Da er, wie ich auch, eher frei aus dem Bauch raus kocht. Ist das hier kein richtiges Rezept, sondern mehr eine „offene Anleitung“, wie das Thai Curry am besten gelingt. Deshalb gibt es hier auch keine absolut gültigen Angaben zu den Zutaten.

Ich versuche euch mal zu beschreiben, was zutun ist und schätze ungefähr die Menge der Zutaten ein.
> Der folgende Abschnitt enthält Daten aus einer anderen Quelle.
(* Let $S$ be a numerical semigroup. The following conditions are equivalent. (1) $S$ is a MANS-semigroup with $\mathrm{e}(S)=3$. (2) $S=\langle m,\ am+1,\ bm+t\rangle$, where $m,a,b,t\in\mathbb{N}$, $m\geq 3$, $a\geq 1$, $t\in\{2,\ldots,m-1\}$, and $(t-1)(am+1)<bm+t<t(am+1)$.
   Context: $\mathbb{N}=\{0,1,2,\ldots\}$. A numerical semigroup is a subset $S\subseteq\mathbb{N}$ closed under addition, containing $0$, with $\mathbb{N}\setminus S$ finite. For $A\subseteq\mathbb{N}$ nonempty, $\langle A\rangle$ is the submonoid of $(\mathbb{N},+)$ generated by $A$. Every numerical semigroup $S$ has a unique minimal system of generators $\mathrm{msg}(S)$ (finite), and $\mathrm{e}(S)=|\mathrm{msg}(S)|$ is its embedding dimension. The multiplicity $\mathrm{m}(S)$ is the least element of $S\setminus\{0\}$. For $n\in S\setminus\{0\}$, the Apéry set is $\mathrm{Ap}(S,n)=\{s\in S: s-n\notin S\}=\{w(0)=0,w(1),\ldots,w(n-1)\}$, where $w(i)$ is the least element of $S$ congruent to $i$ modulo $n$. $S$ is a MANS-semigroup (numerical semigroup with monotone Apéry set) if $w(1)<w(2)<\cdots<w(\mathrm{m}(S)-1)$, where $w(i)$ is the least element of $S$ congruent to $i$ modulo $\mathrm{m}(S)$. *)

theory Defs
  imports Main
begin

definition numerical_semigroup :: "nat set \<Rightarrow> bool" where
  "numerical_semigroup S \<longleftrightarrow> 0 \<in> S \<and> (\<forall>x\<in>S. \<forall>y\<in>S. x + y \<in> S) \<and> finite (UNIV - S)"

inductive_set gen :: "nat set \<Rightarrow> nat set" for A :: "nat set" where
  gen_zero: "0 \<in> gen A"
| gen_add: "a \<in> A \<Longrightarrow> x \<in> gen A \<Longrightarrow> a + x \<in> gen A"
(* Let $\mathcal{T}=[0,T_{max}]$, $\mathcal{T}_d,\mathcal{T}_a\subseteq\mathcal{T}$ compact, $\mathcal{X}=[X_{min},X_{max}]$ with $0\le X_{min}<X_{max}$, $m$ a probability measure on $\mathcal{X}\times\mathcal{T}_a$, $G>0$, and $\alpha,\beta,\gamma>0$. Let $V:\mathbb{R}^+\to\mathbb{R}^+$ be a strictly decreasing Lipschitz continuous speed function with $V_{min}\le V\le V_{max}$ for constants $V_{max}>V_{min}>0$. Assume that for all $F\in\mathcal{P}_{m,G}$, $t_d\in\mathcal{T}_d$, $x\in\mathcal{X}$ one has $x+z_F(t_d)\le z_F(T_{max})$, so that the travel time below is well defined. Then the cost function $$J(t_d;x,t_a;F)=\alpha T_F(t_d,x)+\beta\big(t_a-t_d-T_F(t_d,x)\big)_++\gamma\big(t_d+T_F(t_d,x)-t_a\big)_+$$ is jointly continuous on $\mathcal{T}_d\times\mathcal{X}\times\mathcal{T}_a\times\mathcal{P}_{m,G}$ (with $\mathcal{P}_{m,G}$ carrying the weak convergence topology), and for each fixed $F\in\mathcal{P}_{m,G}$ it is Lipschitz continuous in $(t_d,x,t_a)$ on $\mathcal{T}_d\times\mathcal{X}\times\mathcal{T}_a$.
   Context: $(y)_+=\max\{y,0\}$. $\lambda_2$ denotes Lebesgue measure on $\mathbb{R}^2$. $\mathcal{P}_{m,G}$ is the set of all Borel probability measures $F$ on $\mathcal{T}_d\times\mathcal{X}$ such that (i) $F(B)\le G\,\lambda_2(B)$ for every Borel $B\subseteq\mathcal{T}_d\times\mathcal{X}$, and (ii) $F(\mathcal{T}_d\times B)=m(B\times\mathcal{T}_a)$ for every Borel $B\subseteq\mathcal{X}$. For $z\in\mathcal{C}(\mathcal{T})$, $S_t(z):=\{(\tau,\xi)\,:\,\tau\in[0,t]\cap\mathcal{T}_d,\ \xi\in(z(t)-z(\tau),\infty)\cap\mathcal{X}\}$. For $F\in\mathcal{P}_{m,G}$, $z_F$ (the characteristic travel distance) is the unique continuous function on $\mathcal{T}$ with $z_F(t)=\int_0^t V\big(F(S_s(z_F))\big)\,ds$; it is strictly increasing, and $T_F(t_d,x):=z_F^{-1}\big(x+z_F(t_d)\big)-t_d$ is the travel time of a trip of length $x$ departing at $t_d$. *)

theory Defs
  imports "HOL-Probability.Probability"
begin

text \<open>For F: first component = departure time tau, second = trip length xi.
  For m: first component = trip length x, second = desired arrival time t_a.\<close>

definition S_set :: "real set \<Rightarrow> real set \<Rightarrow> (real \<Rightarrow> real) \<Rightarrow> real \<Rightarrow> (real \<times> real) set" where
  "S_set Td X z t = {(tau, xi). tau \<in> {0..t} \<inter> Td \<and> xi \<in> {z t - z tau<..} \<inter> X}"

definition P_mG :: "real set \<Rightarrow> real set \<Rightarrow> real set \<Rightarrow> (real \<times> real) measure \<Rightarrow> real
    \<Rightarrow> (real \<times> real) measure set" where
  "P_mG Td X Ta m G = {F. sets F = sets borel \<and> prob_space F \<and> emeasure F (Td \<times> X) = 1
      \<and> (\<forall>B \<in> sets borel. B \<subseteq> Td \<times> X \<longrightarrow> emeasure F B \<le> ennreal G * emeasure lborel B)
      \<and> (\<forall>B \<in> sets borel. B \<subseteq> X \<longrightarrow> emeasure F (Td \<times> B) = emeasure m (B \<times> Ta))}"

text \<open>Characteristic travel distance: the unique continuous function on [0,Tmax] solving the
  integral equation (normalised to 0 outside [0,Tmax] so that THE picks a single function).\<close>
definition zF :: "real \<Rightarrow> real set \<Rightarrow> real set \<Rightarrow> (real \<Rightarrow> real) \<Rightarrow> (real \<times> real) measure
    \<Rightarrow> real \<Rightarrow> real" where
  "zF Tmax Td X V F = (THE z. continuous_on {0..Tmax} z
      \<and> (\<forall>t \<in> {0..Tmax}. z t = integral {0..t} (\<lambda>s. V (measure F (S_set Td X z s))))
      \<and> (\<forall>t. t \<notin> {0..Tmax} \<longrightarrow> z t = 0))"

definition TF :: "real \<Rightarrow> real set \<Rightarrow> real set \<Rightarrow> (real \<Rightarrow> real) \<Rightarrow> (real \<times> real) measure
    \<Rightarrow> real \<Rightarrow> real \<Rightarrow> real" where
  "TF Tmax Td X V F td x =
     the_inv_into {0..Tmax} (zF Tmax Td X V F) (x + zF Tmax Td X V F td) - td"

definition pos_part :: "real \<Rightarrow> real" where
  "pos_part y = max y 0"

definition Jcost :: "real \<Rightarrow> real \<Rightarrow> real \<Rightarrow> real \<Rightarrow> real set \<Rightarrow> real set \<Rightarrow> (real \<Rightarrow> real)
    \<Rightarrow> real \<Rightarrow> real \<Rightarrow> real \<Rightarrow> (real \<times> real) measure \<Rightarrow> real" where
  "Jcost \<alpha> \<beta> \<gamma> Tmax Td X V td x ta F =
     \<alpha> * TF Tmax Td X V F td x
     + \<beta> * pos_part (ta - td - TF Tmax Td X V F td x)
     + \<gamma> * pos_part (td + TF Tmax Td X V F td x - ta)"

definition weak_conv2 :: "(nat \<Rightarrow> (real \<times> real) measure) \<Rightarrow> (real \<times> real) measure \<Rightarrow> bool" where
  "weak_conv2 Fs F \<longleftrightarrow> (\<forall>f :: real \<times> real \<Rightarrow> real. continuous_on UNIV f \<and> bounded (range f) \<longrightarrow>
      (\<lambda>n. integral\<^sup>L (Fs n) f) \<longlonglongrightarrow> integral\<^sup>L F f)"

end

theory Submission
  imports Defs
begin
lemma preserves_orthogonality_imp_scalar_multiple:
  assumes po: "preserves_orthogonality ip1 ip2"
  obtains c where "\<And>x y. ip2 x y = c * ip1 x y"
proof (cases "\<exists>x0::'a. x0 \<noteq> 0")
  case True
  then obtain x0 :: 'a where x0: "x0 \<noteq> 0" by blast
  define k where "k x = ip2 x x / ip1 x x" for x
  have k: "ip2 y x = ip1 y x * k x" if "x \<noteq> 0" for x y
    unfolding k_def by (rule preserves_orthogonality_imp_inner_eq[OF po that])
  have k_eq: "k x = k y" if "x \<noteq> 0" "y \<noteq> 0" "ip1 x y \<noteq> 0" for x y
    using k[of x y] k[of y x] that a.sym[of x y] b.sym[of x y] by (metis mult_left_cancel)
  have k_const: "k x = k x0" if x: "x \<noteq> 0" for x
  proof (cases "ip1 x x0 = 0")
    case False
    then show ?thesis using k_eq[OF x x0] by simp
  next
    case True
    have "ip1 x (x + x0) \<noteq> 0" "ip1 x0 (x + x0) \<noteq> 0"
      using True a.pos[OF x] a.pos[OF x0] a.sym[of x x0] by simp_all
    moreover have "x + x0 \<noteq> 0"
    proof
      assume "x + x0 = 0"
      then have "x0 = - x" by (metis add.commute eq_neg_iff_add_eq_0)
      then show False using True a.pos[OF x] by simp
    qed
    ultimately show ?thesis using k_eq[of x "x + x0"] k_eq[of x0 "x + x0"] x x0 by simp
  qed
  show ?thesis
  proof (rule that[of "k x0"])
    fix x y :: 'a
    show "ip2 x y = k x0 * ip1 x y"
      using k[of y x] k_const[of y] by (cases "y = 0") simp_all
  qed
next
  case False
  then have "x = 0" for x :: 'a by blast
  then show ?thesis using that[of 1] by (metis a.zero_left b.zero_left mult_1)
qed

lemma scalar_multiple_eq_if_norm_eq:
  assumes c: "\<And>x y. ip2 x y = c * ip1 x y"
    and x0: "x0 \<noteq> 0" "ip_norm ip1 x0 = ip_norm ip2 x0"
  shows "ip1 = ip2"
proof -
  have "ip1 x0 x0 = ip2 x0 x0"
    using x0(2) a.norm_power2[of x0] b.norm_power2[of x0] by metis
  hence "c * ip1 x0 x0 = 1 * ip1 x0 x0" using c[of x0 x0] by linarith
  hence "c = 1" using a.pos[OF x0(1)] by simp
  then show ?thesis using c by (intro ext) simp
qed

lemma norm_multiple_imp_inner_multiple:
  assumes c: "\<And>x. ip_norm ip2 x = c * ip_norm ip1 x"
  shows "ip2 x y = c\<^sup>2 * ip1 x y"
proof -
  have sq: "ip2 z z = c\<^sup>2 * ip1 z z" for z
    using c[of z] a.norm_power2[of z] b.norm_power2[of z] by (metis power_mult_distrib)
  have "ip2 (x + y) (x + y) = c\<^sup>2 * ip1 (x + y) (x + y)" by (rule sq)
  then have "ip2 x x + 2 * ip2 x y + ip2 y y = c\<^sup>2 * (ip1 x x + 2 * ip1 x y + ip1 y y)"
    using a.sym[of y x] b.sym[of y x] by (simp add: algebra_simps)
  then show ?thesis using sq[of x] sq[of y] by (simp add: algebra_simps)
qed

lemma angle_preserving_imp_preserves_orthogonality:
  assumes \<theta>: "0 < \<theta>" "\<theta> < pi"
    and angle: "\<And>x y. x \<noteq> 0 \<Longrightarrow> y \<noteq> 0 \<Longrightarrow> ip_angle ip1 x y = \<theta> \<Longrightarrow> ip_angle ip2 x y = \<theta>"
  shows "preserves_orthogonality ip1 ip2"
proof (rule preserves_orthogonalityI)
  fix x y :: 'a
  assume x: "x \<noteq> 0" and y: "y \<noteq> 0" and xy: "ip1 x y = 0"
  define p where "p = cos \<theta> * ip_norm ip1 y"
  define q where "q = sin \<theta> * ip_norm ip1 x"
  define A B D where "A = ip2 x x" and "B = ip2 x y" and "D = ip2 y y"
  have q: "q > 0" using sin_gt_zero[OF \<theta>] a.norm_pos[OF x] by (simp add: q_def)
  have A: "A > 0" using b.pos[OF x] by (simp add: A_def)
  have angle_identity:
    "(p * A + \<sigma> * q * B)\<^sup>2 = (cos \<theta>)\<^sup>2 * A * (p\<^sup>2 * A + 2 * \<sigma> * p * q * B + \<sigma>\<^sup>2 * q\<^sup>2 * D)"
    if \<sigma>: "\<sigma>\<^sup>2 = 1" for \<sigma> :: real
  proof -
    define w where "w = p *\<^sub>R x + (\<sigma> * q) *\<^sub>R y"
    have "w \<noteq> 0" "ip_angle ip1 x w = \<theta>"
      using a.angle_with_rotated[OF x y xy \<theta> \<sigma>] by (simp_all add: w_def p_def q_def mult.assoc)
    then have "(ip2 x w)\<^sup>2 = (cos \<theta>)\<^sup>2 * ip2 x x * ip2 w w"
      using b.angle_eq_imp_inner_power2[OF x] angle[OF x] \<theta> by simp
    then show ?thesis
      using b.sym[of y x] by (simp add: w_def A_def B_def D_def power2_eq_square algebra_simps)
  qed
  have "4 * p * q * A * B * (1 - (cos \<theta>)\<^sup>2)
        = ((p * A + q * B)\<^sup>2 - (p * A - q * B)\<^sup>2)
          - ((cos \<theta>)\<^sup>2 * A * (p\<^sup>2 * A + 2 * p * q * B + q\<^sup>2 * D)
             - (cos \<theta>)\<^sup>2 * A * (p\<^sup>2 * A - 2 * p * q * B + q\<^sup>2 * D))"
    by algebra
  also have "\<dots> = 0" using angle_identity[of 1] angle_identity[of "-1"] by simp
  finally have "4 * p * q * A * B * (sin \<theta>)\<^sup>2 = 0" by (simp add: sin_squared_eq)
  then have "p * B = 0" using q A sin_gt_zero[OF \<theta>] by simp
  moreover have "p = 0 \<Longrightarrow> (q * B)\<^sup>2 = 0"
    using angle_identity[of 1] a.norm_pos[OF y] by (simp add: p_def)
  ultimately show "ip2 x y = 0" using q by (auto simp: B_def)
qed
lemma discrete_parseval:
  fixes c :: "nat \<Rightarrow> complex"
  shows "(\<Sum>k<N. (norm (\<Sum>n<N. c n * root_of_unity N ^ (k * n)))\<^sup>2)
       = real N * (\<Sum>n<N. (norm (c n))\<^sup>2)"
proof -
  let ?\<omega> = "root_of_unity N"
  have "complex_of_real (\<Sum>k<N. (norm (\<Sum>n<N. c n * ?\<omega> ^ (k * n)))\<^sup>2)
      = (\<Sum>k<N. \<Sum>n<N. \<Sum>m<N. c n * cnj (c m) * (?\<omega> ^ (k * n) * cnj (?\<omega> ^ (k * m))))"
    unfolding of_real_sum complex_norm_square cnj_sum sum_product by (simp add: mult_ac)
  also have "\<dots> = (\<Sum>n<N. \<Sum>m<N. c n * cnj (c m) * (\<Sum>k<N. ?\<omega> ^ (k * n) * cnj (?\<omega> ^ (k * m))))"
    by (subst sum.swap, rule sum.cong[OF refl], subst sum.swap) (simp add: sum_distrib_left)
  also have "\<dots> = (\<Sum>n<N. \<Sum>m<N. c n * cnj (c m) * (if n = m then of_nat N else 0))"
    by (intro sum.cong refl) (simp only: lessThan_iff sum_root_of_unity_orthogonal)
  also have "\<dots> = complex_of_real (real N * (\<Sum>n<N. (norm (c n))\<^sup>2))"
    by (simp add: if_distrib sum_distrib_left complex_norm_square[symmetric] mult_ac cong: if_cong)
  finally show ?thesis by (simp only: of_real_eq_iff)
qed

lemma L2_set_coeffs_le_of_samples_le:
  fixes c d :: "nat \<Rightarrow> complex"
  assumes "0 \<le> T"
    and samples_le: "\<And>k. k < N \<Longrightarrow>
      norm (\<Sum>n<N. c n * root_of_unity N ^ (k * n))
        \<le> norm (\<Sum>n<N. d n * root_of_unity N ^ (k * n)) + T"
  shows "L2_set (\<lambda>n. norm (c n)) {..<N} \<le> L2_set (\<lambda>n. norm (d n)) {..<N} + T"
proof (cases "N = 0")
  case True
  then show ?thesis using \<open>0 \<le> T\<close> by simp
next
  case False
  have sampled: "L2_set (\<lambda>k. norm (\<Sum>n<N. e n * root_of_unity N ^ (k * n))) {..<N}
      = sqrt (real N) * L2_set (\<lambda>n. norm (e n)) {..<N}" for e
    by (simp add: L2_set_def discrete_parseval real_sqrt_mult)
  have "sqrt (real N) * L2_set (\<lambda>n. norm (c n)) {..<N}
      \<le> L2_set (\<lambda>k. norm (\<Sum>n<N. d n * root_of_unity N ^ (k * n)) + T) {..<N}"
    unfolding sampled[symmetric] by (rule L2_set_mono) (simp_all add: samples_le)
  also have "\<dots> \<le> sqrt (real N) * L2_set (\<lambda>n. norm (d n)) {..<N} + sqrt (real N) * T"
    using L2_set_triangle_ineq[of "\<lambda>k. norm (\<Sum>n<N. d n * root_of_unity N ^ (k * n))"
        "\<lambda>_. T" "{..<N}"] \<open>0 \<le> T\<close> by (simp add: sampled L2_set_constant)
  finally show ?thesis using False by (simp add: distrib_left[symmetric])
qed

definition powser_norm_tail :: "(nat \<Rightarrow> 'a::real_normed_vector) \<Rightarrow> real \<Rightarrow> nat \<Rightarrow> real" where
  "powser_norm_tail c r N = (\<Sum>n. norm (c n) * r ^ n) - (\<Sum>n<N. norm (c n) * r ^ n)"

lemma powser_norm_tail_nonneg:
  assumes "summable (\<lambda>n. norm (c n) * r ^ n)" "0 \<le> r"
  shows "0 \<le> powser_norm_tail c r N"
  using sum_le_suminf[OF assms(1), of "{..<N}"] assms(2) by (simp add: powser_norm_tail_def)

lemma powser_norm_tail_tendsto_0:
  assumes "summable (\<lambda>n. norm (c n) * r ^ n)"
  shows "powser_norm_tail c r \<longlonglongrightarrow> 0"
  using tendsto_diff[OF tendsto_const summable_LIMSEQ[OF assms], of "\<Sum>n. norm (c n) * r ^ n"]
  by (simp add: powser_norm_tail_def[abs_def])

lemma norm_powser_tail_le:
  fixes c :: "nat \<Rightarrow> 'a::{real_normed_div_algebra, banach}"
  assumes "summable (\<lambda>n. norm (c n) * norm z ^ n)"
  shows "norm ((\<Sum>n. c n * z ^ n) - (\<Sum>n<N. c n * z ^ n)) \<le> powser_norm_tail c (norm z) N"
proof -
  have norms: "summable (\<lambda>n. norm (c n * z ^ n))"
    using assms by (simp add: norm_mult norm_power)
  have "(\<Sum>n. c n * z ^ n) - (\<Sum>n<N. c n * z ^ n) = (\<Sum>n. c (n + N) * z ^ (n + N))"
    using suminf_minus_initial_segment[OF summable_norm_cancel[OF norms]] by simp
  also have "norm \<dots> \<le> (\<Sum>n. norm (c (n + N) * z ^ (n + N)))"
    by (rule summable_norm) (use norms summable_iff_shift[of "\<lambda>n. norm (c n * z ^ n)"] in simp)
  also have "\<dots> = powser_norm_tail c (norm z) N"
    using suminf_minus_initial_segment[OF assms]
    by (simp add: powser_norm_tail_def norm_mult norm_power)
  finally show ?thesis .
qed
lemma ad_identity_case:
  assumes Q: "subspace Q" and lines: "\<forall>q\<in>Q. quasi_line q"
    and xQ: "x \<in> Q" and x0: "x \<noteq> 0" and adx: "ad_identity_mod x"
  shows "almost_abelian scl br \<or>
    ((2::'f) = 0 \<and> (\<exists>\<phi>. lie_iso scl br K_scale K_br \<phi> \<and> \<phi> ` Q = {(0, 0, t) | t. True}))"
proof (cases "\<forall>n\<in>eigen1 x. \<forall>m\<in>eigen1 x. br n m = 0")
  case True thus ?thesis using almost_abelianI[OF adx] by blast
next
  case False
  then obtain n m where n: "n \<in> eigen1 x" and m: "m \<in> eigen1 x" and nz: "br n m \<noteq> 0"
    by blast
  obtain c where nm: "br n m = c *s x" and cc: "c + c = 0"
    using eigen1_bracket[OF x0 adx n m] by blast
  have c0: "c \<noteq> 0" using nm nz by auto
  have "2 * c = 0" using cc by (metis mult_2)
  hence two: "(2::'f) = 0" using c0 by (metis mult_eq_0_iff)
  define m' where "m' = inverse c *s m"
  have m': "m' \<in> eigen1 x" using m subspace_eigen1 by (simp add: m'_def subspace_scale)
  have nm': "br n m' = x" using nm c0 by (simp add: m'_def brs)
  note model = two x0 adx n m' nm'
  have "Q = frame n m' x ` {(0, 0, t) | t. True}"
    using quasi_line_subspace_eq_line[OF model Q xQ lines] frame_line[OF model] by simp
  hence "inv (frame n m' x) ` Q = {(0, 0, t) | t. True}"
    using bij_frame[OF model] by (simp add: image_inv_f_f bij_is_inj)
  moreover have "lie_iso scl br K_scale K_br (inv (frame n m' x))"
    by (rule lie_iso_inv[OF bij_frame[OF model] linear_frame[OF model] frame_bracket[OF model]])
  ultimately show ?thesis using two by blast
qed

end


theorem proposition3p2:
  fixes scl :: "'f::field \<Rightarrow> 'v::ab_group_add \<Rightarrow> 'v"
    and br :: "'v \<Rightarrow> 'v \<Rightarrow> 'v"
    and Q :: "'v set"
  assumes "lie_algebra scl br"
    and "fin_dim scl"
    and "quasi_ideal scl br Q"
    and "Q \<noteq> UNIV"
    and "modular_star scl br Q"
  shows "strong_quasi_ideal scl br Q \<and>
    (strong_ideal scl br Q \<or> almost_abelian scl br \<or>
     ((2::'f) = 0 \<and> (\<exists>\<phi>. lie_iso scl br K_scale K_br \<phi> \<and> \<phi> ` Q = {(0, 0, t) | t. True})))"
proof -
  interpret L: lie_alg scl br
    using assms(1) by (simp add: lie_alg_def lie_alg_axioms_def lie_algebra_def)
  have sQ: "subalgebra scl br Q" using assms(3) by (simp add: quasi_ideal_def)
  hence Q: "L.subspace Q" by (simp add: subalgebra_def)
  have lines: "\<forall>q\<in>Q. L.quasi_line q"
    using L.modular_star_quasi_line[OF assms(3) assms(5) assms(4)] by blast
  have "strong_ideal scl br Q \<or> almost_abelian scl br \<or>
     ((2::'f) = 0 \<and> (\<exists>\<phi>. lie_iso scl br K_scale K_br \<phi> \<and> \<phi> ` Q = {(0, 0, t) | t. True}))"
  proof (cases "\<forall>q\<in>Q. \<forall>y. br q y \<in> L.span {q}")
    case True thus ?thesis using L.strong_idealI[OF sQ] by blast
  next
    case False
    then obtain q y where "q \<in> Q" "br q y \<notin> L.span {q}" by blast
    then obtain x where "x \<in> Q" "x \<noteq> 0" "L.ad_identity_mod x"
      using L.ad_identity_element[OF Q] lines by metis
    thus ?thesis using L.ad_identity_case[OF Q lines] by blast
  qed
  thus ?thesis using L.strong_quasi_idealI[OF sQ lines] by blast
qed
lemma rotate_to_True_False:
  assumes "True \<in> set P" "False \<in> set P"
  shows "\<exists>k Q. rotate k P = True # False # Q"
proof -
  obtain i where i: "i < length P" "P ! i" "\<not> P ! (Suc i mod length P)"
    using cyclic_True_before_False[OF assms] by blast
  then have "length P \<noteq> 1"
    by auto
  with i(1) have "0 < length P" "1 < length P" "Suc (Suc 0) \<le> length (rotate i P)"
    by auto
  then obtain a b Q where R: "rotate i P = a # b # Q"
    unfolding Suc_le_length_iff by blast
  have "a = rotate i P ! 0" "b = rotate i P ! 1"
    by (simp_all add: R)
  with i \<open>0 < length P\<close> \<open>1 < length P\<close> have "a = True" "b = False"
    by (simp_all add: nth_rotate)
  with R show ?thesis
    by blast
qed

lemma card_bool_lists_count_True:
  "card {P. length P = n \<and> length (filter id P) = k} = n choose k"
proof -
  have "bij_betw (\<lambda>P. {i. i < n \<and> P ! i})
      {P. length P = n \<and> length (filter id P) = k} {A. A \<subseteq> {..<n} \<and> card A = k}"
  proof (rule bij_betw_byWitness[where f' = "\<lambda>A. map (\<lambda>i. i \<in> A) [0..<n]"])
    show "\<forall>P\<in>{P. length P = n \<and> length (filter id P) = k}.
        map (\<lambda>i. i \<in> {i. i < n \<and> P ! i}) [0..<n] = P"
      by (auto intro: nth_equalityI)
    show "\<forall>A\<in>{A. A \<subseteq> {..<n} \<and> card A = k}. {i. i < n \<and> map (\<lambda>i. i \<in> A) [0..<n] ! i} = A"
      by auto
    show "(\<lambda>P. {i. i < n \<and> P ! i}) ` {P. length P = n \<and> length (filter id P) = k}
        \<subseteq> {A. A \<subseteq> {..<n} \<and> card A = k}"
      by (auto simp: length_filter_conv_card)
    have "{i. i < n \<and> map (\<lambda>i. i \<in> A) [0..<n] ! i} = A" if "A \<subseteq> {..<n}" for A
      using that by auto
    then show "(\<lambda>A. map (\<lambda>i. i \<in> A) [0..<n]) ` {A. A \<subseteq> {..<n} \<and> card A = k}
        \<subseteq> {P. length P = n \<and> length (filter id P) = k}"
      by (auto simp: length_filter_conv_card)
  qed
  then show ?thesis
    by (simp add: bij_betw_same_card n_subsets)
qed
Ihr könnt natürlich frei wählen, wie viel ihr von welcher Zutat nehmen möchtet.

Zutaten:

  • 1-2 rote Paprika, 2 Karotten, 200 g Kräuterseitlinge oder Champignons, 200 g Zuckerschoten
  • 1 EL Olivenöl
  • 2-3 Zehen Knoblauch, 1 Zwiebel
  • Ingwer
  • 1 Dose Kichererbsen, 100 g Mungbohnen, 100 g Erbsen
  • 1 Dose Kokosmilch
  • 1 TL Erdnussmus, 1 Dose Kokosmilch, 1 EL Currypaste
  • Curry, Kurkuma, etwas Zitronensaft
  • Ananas (gestückelt in der Dose)
  • Petersilie

Zubereitung:

Das härtere Gemüse (Paprika, Karotten) und die Kräuterseitlinge werden klein geschnitten und in Olivenöl scharf angebraten. Dazu kommen Ingwer, Knoblauch, Zwiebeln und ein EL Currypaste. Das Ganze dünstet man nun einige Minuten an und fügt dann noch Kichererbsen, Mungbohnen, Erbsen und Zuckerschoten hinzu und dünstet diese ebenfalls kurz an. Anschließend mit Kokosmilch ablöschen, mit Curry und Kurkuma würzen und das Erdnussmus hinzugeben. Am Schluss kann man noch Ananasstückchen aus der Dose beimengen und je nach Bedarf auch noch etwas Zitronensaft. Jetzt wird das Ganze mit Reis und Kräutern kombiniert und fertig! Wenn euch die Soße zu dickflüssig sein sollte, dann könnt ihr natürlich noch etwas Gemüsebrühe hinzufügen. Ist die Soße zu flüssig, passt beispielsweise Erdnussmus ganz gut hinein.

Das Gericht war wirklich super lecker und eine echte Augenweide. Nico ist übrigens nicht vegan, hat aber netterweise extra vegan gekocht und es echt super hinbekommen!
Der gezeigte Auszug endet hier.